**Work order:** Please write out exactly the lines of the data below from the line holding "text \<open>Fix \<open>x\<close>" through the line holding "other points of", and leave out the rest.

**Dataset content:**
(* Let $p(x)$, $q(x)$, $r(x)$ be probability mass functions on the same finite support set $\mathcal{X}$. Let $c_1=\min_{x\in\mathcal{X}}\frac{p(x)(1-p(x))}{3(1+p(x))^2}$ and $p_m=\min_{x}p(x)$, and assume $c_1>0$ and $p_m>0$. Suppose $D_{\mathsf{KL}}(p\|q)\le\tau\le c_1$ and that for all $x\in\mathcal{X}$, $\gamma_1\le \frac{p(x)}{r(x)}\le\gamma_2$. Then for all $x\in\mathcal{X}$, with $g(\tau,p_m)=\sqrt{3\tau/p_m}$, \[ \gamma_1\exp\big(-g(\tau,p_m)\big)\le\frac{q(x)}{r(x)}\le\gamma_2\exp\big(g(\tau,p_m)\big). \]
   Context: $D_{\mathsf{KL}}(p\|q)=\sum_x p(x)\log\frac{p(x)}{q(x)}$ is the Kullback–Leibler divergence. *)

theory Defs
  imports Complex_Main
begin

definition is_pmf_on :: "'a set \<Rightarrow> ('a \<Rightarrow> real) \<Rightarrow> bool" where
  "is_pmf_on X p \<longleftrightarrow> finite X \<and> (\<forall>x\<in>X. p x > 0) \<and> (\<Sum>x\<in>X. p x) = 1"

definition KL :: "'a set \<Rightarrow> ('a \<Rightarrow> real) \<Rightarrow> ('a \<Rightarrow> real) \<Rightarrow> real" where
  "KL X p q = (\<Sum>x\<in>X. p x * ln (p x / q x))"

end

theory Submission
  imports Defs
begin

text \<open>Fix \<open>x\<close> and put \<open>a = p x\<close>, \<open>b = q x\<close>. By the log-sum inequality, merging the
  other points of \<open>X\<close> can only decrease the divergence, so the binary divergence of
  \<open>(a, 1 - a)\<close> from \<open>(b, 1 - b)\<close> is at most \<open>\<tau>\<close>. Writing \<open>b = a e\<^sup>t\<close>, comparison of
  derivatives in \<open>t\<close> shows that this binary divergence is at least \<open>a min(t\<^sup>2, 1) / 3\<close>.
  Since \<open>\<tau> \<le> c\<^sub>1 < a / 3\<close>, the minimum must be \<open>t\<^sup>2\<close>, whence
  \<open>|ln (q x / p x)| \<le> sqrt (3 \<tau> / a) \<le> sqrt (3 \<tau> / p\<^sub>m)\<close>; multiplying by the bounds on
  \<open>p x / r x\<close> gives the claim.\<close>

lemma exp_neg_ge_Taylor_cubic:
  fixes v :: real assumes "0 \<le> v"
  shows "1 - v + v^2/2 - v^3/6 \<le> exp (-v)"
proof (cases "v = 0")
  case False
  then obtain t where "t < 0"
    and exp_eq: "exp (-v) = (\<Sum>m<3. 1 / fact m * (-v) ^ m) + exp t / fact 3 * (-v) ^ 3"
    using Maclaurin_minus[of "-v" 3 "\<lambda>_. exp" exp] assms by auto
  have "exp t * v^3 \<le> v^3" using \<open>t < 0\<close> assms by (simp add: mult_left_le_one_le)
  then show ?thesis unfolding exp_eq by (simp add: eval_nat_numeral fact_numeral)
qed simp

**Expected answer:**
text \<open>Fix \<open>x\<close> and put \<open>a = p x\<close>, \<open>b = q x\<close>. By the log-sum inequality, merging the
  other points of \<open>X\<close> can only decrease the divergence, so the binary divergence of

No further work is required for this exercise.